There were some, presumably because of the shortage of money, when they designed LEO II, in the few places it took. It only came to me in my dreams many years later, but long after I'd left LEO.  They save money. To start off with they couldn't always carry out a full logical instruction in one go. It required too much technology or required too much information and you needed two addresses.  So there were a few commands which required two instructions.  You did the first instruction and the results of the half cooking, you saw and then followed it with the second instruction and that gave you the answer. This was unfortunate because you needed to store the results for the first one before using the second. Now the designers said, ‘You always do these two instructions one after the other.  You always do instruction number one and then number two’.  But, of course, the programmer is much too clever for that and they'd do instruction number one, and then go off and do something because the answer was stored, and then come back and do instruction number two, for whatever reason.  

Unfortunately, because flip flops are moderately expensive, these status flip flops were sometimes used for several purposes.  So the programmer thought he was doing the first half of instruction A, and then later the second half of instruction A.  But unfortunately in between the two he did another instruction which used the same status split, so the results were  wrong.  And this frequently happened, and it only came to me one day, for the price of one flip flop they could easily have put that second flip flop somewhere else and let somebody use this one.

 Because if you had been following these theoretical rules then it would have been safe.  But if you separated the two halves then of course you could  play games in the middle.  So that was one of the places where lack of flip flops let us down.  They just saved money. However the flip flops were fairly good circuits. They used to break down occasionally but we had lots of them.  On LEO I, the engineering tolerances weren't very good, and people didn't understand them exactly.  Individual flip flops had been modified electronically so they'd have different components in them.  So if you took out this flip flop from this place there, you damn well put it back in its slot because it wouldn't go anywhere else. Even though, theoretically, they were all the same, they were actually tailored because things were very edgy.

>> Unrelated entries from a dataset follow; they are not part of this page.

(* The reward-design problem (maximize $\sum_{i=1}^n x_i^*$ over feasible $(f,x_1^*,\dots,x_n^* )$) has the same optimal value as the linear program \[\begin{aligned}\text{maximize}\ & \sum_{i=1}^n x_i^*\\ \text{subject to}\ & 0\le x_i^*\le q_i,\quad i=1,\dots,n,\\ & 0\le x_1^*\le x_2^*\le\cdots\le x_n^*,\\ & C\left(\frac{x_n^*}{q_n}+\sum_{i=1}^{n-1}\left((n-i)\left(\frac{1}{q_i}-\frac{1}{q_{i+1}}\right)+\frac{1}{q_i}\right)x_i^*\right)\le B.\end{aligned}\] Moreover, if $(x_1^*,\dots,x_n^* )$ is an optimal solution of this linear program, then $(f,x_1^*,\dots,x_n^* )$ is an optimal solution of the reward-design problem, where $f(x)=0$ for $0\le x<x_1^*$ and, for $x_j^*\le x<x_{j+1}^*$ ($1\le j\le n$, $x_{n+1}^*=+\infty$), $f(x)=C\left(\sum_{t=1}^{j-1}\left(\frac{x_t^*}{q_t}-\frac{x_t^*}{q_{t+1}}\right)+\frac{x_j^*}{q_j}\right)$.
   Context: There are $n$ agents with types $0<q_1\le q_2\le\cdots\le q_n$, a cost constant $C>0$ and a budget $B>0$. A reward function is a map $f:[0,\infty)\to[0,\infty)$; agent $i$'s utility for producing quality $x$ is $u_i(x)=f(x)-xC/q_i$. A tuple $(f,x_1^*,\dots,x_n^* )$ is feasible for the reward-design problem if for each $i$: $0\le x_i^*\le q_i$ and $u_i(x_i^* )\ge u_i(x)$ for all $x\in[0,q_i]$, and $\sum_{i=1}^n f(x_i^* )\le B$. The reward-design problem is to maximize $\sum_{i=1}^n x_i^*$ over feasible tuples. *)

theory Defs
  imports Complex_Main
begin
(* (1) If $f_1,\dots,f_k\in\mathrm{CN}^n$ and $w_1,\dots,w_k\ge 0$, then $g(x)=\max_{1\le i\le k} w_i f_i(x)$ with $\mathrm{dom}(g)=\bigcap_{i}\mathrm{dom}(f_i)$ belongs to $\mathrm{CN}^n$. (2) If $f\in\mathrm{CN}^n$ and $h:\mathbb{R}\to\mathbb{R}$ is conic and non-decreasing, then $h\circ f\in\mathrm{CN}^n$. (3) If $f\in\mathrm{CN}^m$, $A\in\mathbb{R}^{m\times n}$, $b\in\mathbb{R}^m$, then $g(x)=f(Ax+b)$, with $\mathrm{dom}(g)=\{x: Ax+b\in\mathrm{dom}(f)\}$, belongs to $\mathrm{CN}^n$. (4) If $f_1,f_2\in\mathrm{CN}^n$ and $D=\mathrm{dom}(f_1)\cap\mathrm{dom}(f_2)$, then $g(x)=(f_1(x),f_2(x)):D\to\mathbb{R}^2$ is conic with respect to the lexicographic order on $\mathbb{R}^2$.
   Context: A function $f:\mathrm{dom}(f)\to \Omega$, with $\mathrm{dom}(f)\subseteq\mathbb{R}^n$ convex and $\Omega$ a totally ordered set (e.g. $\mathbb{R}$, or $\mathbb{R}^2$ with lexicographic order), is conic if for all $y,z\in\mathrm{dom}(f)$ and all $t\ge 0$ with $f(y)\le f(z)$ and $z+t(z-y)\in\mathrm{dom}(f)$, we have $f(z+t(z-y))\ge f(z)$. $\mathrm{CN}^n$ denotes the class of real-valued conic functions with domain a convex subset of $\mathbb{R}^n$. *)

theory Defs
  imports "HOL-Analysis.Analysis"
begin

text \<open>A function is represented by its (convex) domain D together with a total
HOL function f, of which only the values on D matter. Conicity is defined
relative to a total order le on the codomain.\<close>

definition conic_wrt :: "('b \<Rightarrow> 'b \<Rightarrow> bool) \<Rightarrow> ('a::real_vector) set \<Rightarrow> ('a \<Rightarrow> 'b) \<Rightarrow> bool" where
  "conic_wrt le D f \<longleftrightarrow> convex D \<and>
     (\<forall>y\<in>D. \<forall>z\<in>D. \<forall>t::real. t \<ge> 0 \<longrightarrow> le (f y) (f z) \<longrightarrow>
        z + t *\<^sub>R (z - y) \<in> D \<longrightarrow> le (f z) (f (z + t *\<^sub>R (z - y))))"

definition conic_on :: "('a::real_vector) set \<Rightarrow> ('a \<Rightarrow> 'b::linorder) \<Rightarrow> bool" where
  "conic_on D f \<longleftrightarrow> conic_wrt (\<le>) D f"

definition lex_le :: "real \<times> real \<Rightarrow> real \<times> real \<Rightarrow> bool" where
  "lex_le p q \<longleftrightarrow> fst p < fst q \<or> (fst p = fst q \<and> snd p \<le> snd q)"

end

theory Submission
  imports Defs
begin

text \<open>Each construction is checked along a single ray y, z, z' = z + t(z - y).
A maximum is attained at z by one component, whose own conicity carries the
maximum along. A non-decreasing conic outer function h only needs the ray
property on the real line, where f(z) lies between f(y) and f(z') unless
monotonicity of h already settles the claim. Affine maps send rays to rays.
For the lexicographic pair, if the first component does not increase from z to
z', then reversing the ray shows it did not increase from y to z either, so the
first components agree at y and z and the second component decides.\<close>

lemma conic_wrtI:
  assumes "convex D"
    and "\<And>y z t. y \<in> D \<Longrightarrow> z \<in> D \<Longrightarrow> 0 \<le> t \<Longrightarrow> le (f y) (f z) \<Longrightarrow>
           z + t *\<^sub>R (z - y) \<in> D \<Longrightarrow> le (f z) (f (z + t *\<^sub>R (z - y)))"
  shows "conic_wrt le D f"
  using assms unfolding conic_wrt_def by blast

lemma conic_wrt_convex: "conic_wrt le D f \<Longrightarrow> convex D"
  unfolding conic_wrt_def by blast

lemma conic_on_convex: "conic_on D f \<Longrightarrow> convex D"
  unfolding conic_on_def by (rule conic_wrt_convex)

lemma conic_wrtD:
  assumes "conic_wrt le D f" and "y \<in> D" and "z \<in> D" and "0 \<le> t"
    and "le (f y) (f z)" and "z + t *\<^sub>R (z - y) \<in> D"
  shows "le (f z) (f (z + t *\<^sub>R (z - y)))"
  using assms unfolding conic_wrt_def by blast

lemma conic_onD:
  "conic_on D f \<Longrightarrow> y \<in> D \<Longrightarrow> z \<in> D \<Longrightarrow> 0 \<le> t \<Longrightarrow> f y \<le> f z \<Longrightarrow>
    z + t *\<^sub>R (z - y) \<in> D \<Longrightarrow> f z \<le> f (z + t *\<^sub>R (z - y))"
  unfolding conic_on_def by (rule conic_wrtD)

text \<open>Reversing the ray: y lies on the ray from z + t(z - y) through z.\<close>

lemma conic_wrt_ray_reverse:
  assumes conic: "conic_wrt le D f" and "y \<in> D" and z: "z \<in> D" and t: "0 < t"
    and z': "z + t *\<^sub>R (z - y) \<in> D" and le: "le (f (z + t *\<^sub>R (z - y))) (f z)"
  shows "le (f z) (f y)"
proof -
  have y_on_reversed_ray: "z + (1/t) *\<^sub>R (z - (z + t *\<^sub>R (z - y))) = y"
    using t by (simp add: algebra_simps)
  have "le (f z) (f (z + (1/t) *\<^sub>R (z - (z + t *\<^sub>R (z - y)))))"
    by (rule conic_wrtD[OF conic z' z _ le])
      (use t \<open>y \<in> D\<close> in \<open>simp_all add: y_on_reversed_ray\<close>)
  then show ?thesis
    unfolding y_on_reversed_ray .
qed

lemma conic_on_scale:
  fixes f :: "'a::real_vector \<Rightarrow> real"
  assumes conic: "conic_on D f" and c: "0 \<le> c"
  shows "conic_on D (\<lambda>x. c * f x)"
  unfolding conic_on_def
proof (rule conic_wrtI)
  show "convex D"
    using conic by (rule conic_on_convex)
next
  fix y z and t :: real
  assume "y \<in> D" "z \<in> D" "0 \<le> t" and le: "c * f y \<le> c * f z"
    and "z + t *\<^sub>R (z - y) \<in> D"
  show "c * f z \<le> c * f (z + t *\<^sub>R (z - y))"
  proof (cases "c = 0")
    case False
    with c le have "f y \<le> f z"
      by (simp add: mult_le_cancel_left)
    then have "f z \<le> f (z + t *\<^sub>R (z - y))"
      using conic \<open>y \<in> D\<close> \<open>z \<in> D\<close> \<open>0 \<le> t\<close> \<open>z + t *\<^sub>R (z - y) \<in> D\<close>
      by (blast intro: conic_onD)
    with c show ?thesis
      by (rule mult_left_mono[rotated])
  qed simp
qed

lemma conic_on_Max:
  fixes g :: "'i \<Rightarrow> 'a::real_vector \<Rightarrow> 'b::linorder"
  assumes "finite I" and "I \<noteq> {}" and conic: "\<And>i. i \<in> I \<Longrightarrow> conic_on (D i) (g i)"
  shows "conic_on (\<Inter>i\<in>I. D i) (\<lambda>x. Max ((\<lambda>i. g i x) ` I))"
  unfolding conic_on_def
proof (rule conic_wrtI)
  show "convex (\<Inter>i\<in>I. D i)"
    using conic by (intro convex_INT conic_on_convex)
next
  let ?max = "\<lambda>x. Max ((\<lambda>i. g i x) ` I)"
  fix y z and t :: real
  assume y: "y \<in> (\<Inter>i\<in>I. D i)" and z: "z \<in> (\<Inter>i\<in>I. D i)" and "0 \<le> t"
    and le: "?max y \<le> ?max z" and z': "z + t *\<^sub>R (z - y) \<in> (\<Inter>i\<in>I. D i)"
  have below_max: "g j x \<le> ?max x" if "j \<in> I" for j x
    using \<open>finite I\<close> that by simp
  have "?max z \<in> (\<lambda>i. g i z) ` I"
    using \<open>finite I\<close> \<open>I \<noteq> {}\<close> by (intro Max_in) auto
  then obtain i where i: "i \<in> I" and attained: "?max z = g i z"
    by auto
  have "g i y \<le> g i z"
    using below_max[OF i, of y] le attained by simp
  then have "g i z \<le> g i (z + t *\<^sub>R (z - y))"
    using conic[OF i] y z z' i \<open>0 \<le> t\<close> by (blast intro: conic_onD)
  then show "?max z \<le> ?max (z + t *\<^sub>R (z - y))"
    using attained below_max[OF i] by (metis order_trans)
qed

lemma conic_on_comp_mono:
  fixes f :: "'a::real_vector \<Rightarrow> real" and h :: "real \<Rightarrow> 'b::linorder"
  assumes conic_f: "conic_on D f" and conic_h: "conic_on UNIV h" and "mono h"
  shows "conic_on D (h \<circ> f)"
  unfolding conic_on_def
proof (rule conic_wrtI)
  show "convex D"
    using conic_f by (rule conic_on_convex)
next
  fix y z :: 'a and t :: real
  let ?z' = "z + t *\<^sub>R (z - y)"
  assume "y \<in> D" "z \<in> D" "0 \<le> t" and le: "(h \<circ> f) y \<le> (h \<circ> f) z" and "?z' \<in> D"
  consider "f y \<le> f z" | "f z \<le> f ?z'" | "f ?z' < f z" "f z < f y"
    by linarith
  then show "(h \<circ> f) z \<le> (h \<circ> f) ?z'"
  proof cases
    case 1
    then have "f z \<le> f ?z'"
      using conic_f \<open>y \<in> D\<close> \<open>z \<in> D\<close> \<open>0 \<le> t\<close> \<open>?z' \<in> D\<close> by (blast intro: conic_onD)
    then show ?thesis
      using \<open>mono h\<close> by (simp add: monoD)
  next
    case 2
    then show ?thesis
      using \<open>mono h\<close> by (simp add: monoD)
  next
    case 3
    \<comment> \<open>f z' lies on the ray of the real line from f y through f z\<close>
    define s where "s = (f z - f ?z') / (f y - f z)"
    have "0 \<le> s" and ray: "f z + s * (f z - f y) = f ?z'"
      using 3 unfolding s_def by (simp_all add: field_simps)
    have "h (f z) \<le> h (f z + s *\<^sub>R (f z - f y))"
      using conic_onD[OF conic_h _ _ \<open>0 \<le> s\<close>] le by simp
    then show ?thesis
      using ray by simp
  qed
qed

lemma conic_wrt_affine_comp:
  assumes "linear L" and conic: "conic_wrt le D f"
  shows "conic_wrt le {x. L x + b \<in> D} (\<lambda>x. f (L x + b))"
proof (rule conic_wrtI)
  have "{x. L x + b \<in> D} = L -` ((\<lambda>d. d - b) ` D)"
    by force
  then show "convex {x. L x + b \<in> D}"
    using conic by (simp add: conic_wrt_convex convex_linear_vimage[OF \<open>linear L\<close>]
        convex_translation_subtract)
next
  fix y z and t :: real
  assume y: "y \<in> {x. L x + b \<in> D}" and z: "z \<in> {x. L x + b \<in> D}" and "0 \<le> t"
    and le: "le (f (L y + b)) (f (L z + b))" and z': "z + t *\<^sub>R (z - y) \<in> {x. L x + b \<in> D}"
  have ray: "L (z + t *\<^sub>R (z - y)) + b = (L z + b) + t *\<^sub>R ((L z + b) - (L y + b))"
    using \<open>linear L\<close> by (simp add: linear_add linear_scale linear_diff algebra_simps)
  have extended: "(L z + b) + t *\<^sub>R ((L z + b) - (L y + b)) \<in> D"
    using z' by (simp only: mem_Collect_eq ray)
  show "le (f (L z + b)) (f (L (z + t *\<^sub>R (z - y)) + b))"
    unfolding ray by (rule conic_wrtD[OF conic _ _ \<open>0 \<le> t\<close> le extended]) (use y z in simp_all)
qed

lemma conic_wrt_lex_pair:
  fixes f1 f2 :: "'a::real_vector \<Rightarrow> real"
  assumes conic1: "conic_on D1 f1" and conic2: "conic_on D2 f2"
  shows "conic_wrt lex_le (D1 \<inter> D2) (\<lambda>x. (f1 x, f2 x))"
proof (rule conic_wrtI)
  show "convex (D1 \<inter> D2)"
    using conic1 conic2 by (intro convex_Int conic_on_convex)
next
  fix y z :: 'a and t :: real
  let ?z' = "z + t *\<^sub>R (z - y)"
  assume y: "y \<in> D1 \<inter> D2" and z: "z \<in> D1 \<inter> D2" and "0 \<le> t"
    and le: "lex_le (f1 y, f2 y) (f1 z, f2 z)" and z': "?z' \<in> D1 \<inter> D2"
  have "f1 y \<le> f1 z"
    using le by (auto simp: lex_le_def)
  then have first: "f1 z \<le> f1 ?z'"
    using conic1 y z z' \<open>0 \<le> t\<close> by (blast intro: conic_onD)
  show "lex_le (f1 z, f2 z) (f1 ?z', f2 ?z')"
  proof (cases "f1 z < f1 ?z' \<or> t = 0")
    case True
    then show ?thesis
      by (auto simp: lex_le_def)
  next
    case False
    then have eq: "f1 ?z' = f1 z" and "0 < t"
      using first \<open>0 \<le> t\<close> by auto
    have "f1 z \<le> f1 y"
      using conic_wrt_ray_reverse[of "(\<le>)" D1 f1 y z t] conic1 y z z' eq \<open>0 < t\<close>
      by (simp add: conic_on_def)
    with le have "f2 y \<le> f2 z"
      by (simp add: lex_le_def)
    then have "f2 z \<le> f2 ?z'"
      using conic2 y z z' \<open>0 \<le> t\<close> by (blast intro: conic_onD)
    with eq show ?thesis
      by (simp add: lex_le_def)
  qed
qed

theorem mainTheorem3:
  shows "(\<forall>(k::nat) (D::nat \<Rightarrow> (real^'n) set) (fs::nat \<Rightarrow> real^'n \<Rightarrow> real) (w::nat \<Rightarrow> real).
            k \<ge> 1 \<and> (\<forall>i\<in>{1..k}. conic_on (D i) (fs i) \<and> w i \<ge> 0) \<longrightarrow>
            conic_on (\<Inter>i\<in>{1..k}. D i) (\<lambda>x. Max ((\<lambda>i. w i * fs i x) ` {1..k})))
       \<and> (\<forall>(D::(real^'n) set) (f::real^'n \<Rightarrow> real) (h::real \<Rightarrow> real).
            conic_on D f \<and> conic_on UNIV h \<and> mono h \<longrightarrow> conic_on D (h \<circ> f))
       \<and> (\<forall>(D::(real^'m) set) (f::real^'m \<Rightarrow> real) (A::real^'n^'m) (b::real^'m).
            conic_on D f \<longrightarrow> conic_on {x. A *v x + b \<in> D} (\<lambda>x. f (A *v x + b)))
       \<and> (\<forall>(D1::(real^'n) set) (D2::(real^'n) set) (f1::real^'n \<Rightarrow> real) (f2::real^'n \<Rightarrow> real).
            conic_on D1 f1 \<and> conic_on D2 f2 \<longrightarrow>
            conic_wrt lex_le (D1 \<inter> D2) (\<lambda>x. (f1 x, f2 x)))"
proof (intro conjI allI impI; (elim conjE)?)
  fix k :: nat and D :: "nat \<Rightarrow> (real^'n) set" and fs :: "nat \<Rightarrow> real^'n \<Rightarrow> real"
    and w :: "nat \<Rightarrow> real"
  assume "k \<ge> 1" and components: "\<forall>i\<in>{1..k}. conic_on (D i) (fs i) \<and> w i \<ge> 0"
  show "conic_on (\<Inter>i\<in>{1..k}. D i) (\<lambda>x. Max ((\<lambda>i. w i * fs i x) ` {1..k}))"
  proof (rule conic_on_Max)
    show "{1..k} \<noteq> {}"
      using \<open>k \<ge> 1\<close> by simp
    show "conic_on (D i) (\<lambda>x. w i * fs i x)" if "i \<in> {1..k}" for i
      using components that by (simp add: conic_on_scale)
  qed simp
next
  fix D :: "(real^'n) set" and f :: "real^'n \<Rightarrow> real" and h :: "real \<Rightarrow> real"
  assume "conic_on D f" and "conic_on UNIV h" and "mono h"
  then show "conic_on D (h \<circ> f)"
    by (rule conic_on_comp_mono)
next
  fix D and f :: "real^'m \<Rightarrow> real" and A :: "real^'n^'m" and b
  assume "conic_on D f"
  then show "conic_on {x. A *v x + b \<in> D} (\<lambda>x. f (A *v x + b))"
    unfolding conic_on_def by (rule conic_wrt_affine_comp[rotated]) simp
next
  fix D1 D2 :: "(real^'n) set" and f1 f2 :: "real^'n \<Rightarrow> real"
  assume "conic_on D1 f1" and "conic_on D2 f2"
  then show "conic_wrt lex_le (D1 \<inter> D2) (\<lambda>x. (f1 x, f2 x))"
    by (rule conic_wrt_lex_pair)
qed

end
lemma anchor_map_contractive:
  fixes d :: "'a \<Rightarrow> 'a \<Rightarrow> 'b::{comm_ring,comm_monoid_mult}"
  assumes idem: "\<And>a::'b. a * a = a"
    and X: "boolean_metric X d" "o0 \<in> X" and R: "R \<subseteq> X" "orthogonal_set d o0 R"
    and Y: "boolean_metric Y d'" "o0' \<in> Y" and f: "f ` R \<subseteq> Y"
    and bound: "\<forall>x\<in>R. ble (d' o0' (f x)) (d o0 x)"
  shows "contractive (insert o0 R) d d' (f(o0 := o0'))"
proof -
  have o0R: "o0 \<notin> R" using R(2) by (simp add: orthogonal_set_def)
  have sym: "d' o0' (f x) = d' (f x) o0'" "d o0 x = d x o0" if "x \<in> R" for x
    using bm_sym[OF Y(1) Y(2)] bm_sym[OF X] that f R(1) by auto
  have pair: "ble (d' (f x) (f y)) (d x y)" if xy: "x \<in> R" "y \<in> R" "x \<noteq> y" for x y
  proof -
    have fxy: "f x \<in> Y" "f y \<in> Y" using f xy by auto
    have "ble (d' (f x) (f y)) (bjoin (d' (f x) o0') (d' o0' (f y)))"
      by (rule bm_tri[OF Y(1) fxy(1) Y(2) fxy(2)])
    also have "ble \<dots> (bjoin (d o0 x) (d o0 y))"
      using bjoin_mono[OF idem] bound xy sym by metis
    finally show ?thesis
      using R(2) xy by (simp add: orthogonal_set_def orth_def bnorm_def)
  qed
  have FY: "(f(o0 := o0')) x \<in> Y" if "x \<in> insert o0 R" for x using that f Y(2) by auto
  show ?thesis unfolding contractive_def
  proof (intro ballI)
    fix x y assume xy: "x \<in> insert o0 R" "y \<in> insert o0 R"
    then consider "x = y" | "x = o0" "y \<in> R" | "x \<in> R" "y = o0" | "x \<in> R" "y \<in> R" "x \<noteq> y"
      by blast
    thus "ble (d' ((f(o0 := o0')) x) ((f(o0 := o0')) y)) (d x y)"
    proof cases
      case 1
      thus ?thesis using bm_zero[OF Y(1) FY[OF xy(2)]] by (simp add: ble_def)
    next
      case 2
      thus ?thesis using bound o0R by auto
    next
      case 3
      thus ?thesis using bound sym o0R by auto
    next
      case 4
      thus ?thesis using pair o0R by auto
    qed
  qed
qed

They had rules about how many logic positions could be placed, one after the other, before you   put an amplifier in. Amplifiers cost money of course.  And I remember rightly the basic pulse height on LEO II was twenty volts.  And you were supposed to keep it above something like twelve volts.  But we found places in the machine where there were a series of logic data. Every time you went through a logic data you lost a bit of voltage.  And we found the places where these rules might have been forgotten so that there were really very tiny pulses being processed. Of course, the smaller the pulse the more likely you could get interference.  So we used to, occasionally, wire additional amplifiers and hang them from the rigging or find a space you could put one in to correct these bugs.

 We left school and I was assigned to LEO II/5.

[DP]:  Which was where?

[MM]:  In the workshop being built. And that was very interesting because that was the first machine with magnetic tape on it.  LEO had tried on LEO I to use a wire recorder.

Well if you imagine what a tape recorder looks like.  Instead of having the tape you've got steel wire.  And wire can change its orientation along its length - twist backwards and forwards. So the kind of precision they wanted they couldn't get so it was not very successful.  But LEO II/5 was the first one they were going to put magnetic tape on and I helped to get it working.

[DP]:  So no more paper tape or, or cards?

[MM]:  Oh, we had all those.  I’ll explain what the peripherals were. So, I left the school and went in and saw these wonderful machines shining.  I think I'd seen them one day only during my training.  I was assigned to this thing and I stood back and watched and it was easy. I did bugger all and stood back and watched while the machine was warmed up in the morning. You had to turn the power on and then run tests on it.  I had no idea (wet behind the ears, I'd just left school).  But the guy was very nice. I don't know who he was. He told me not to tread on the equipment and he got on with the job and that was perfectly alright.  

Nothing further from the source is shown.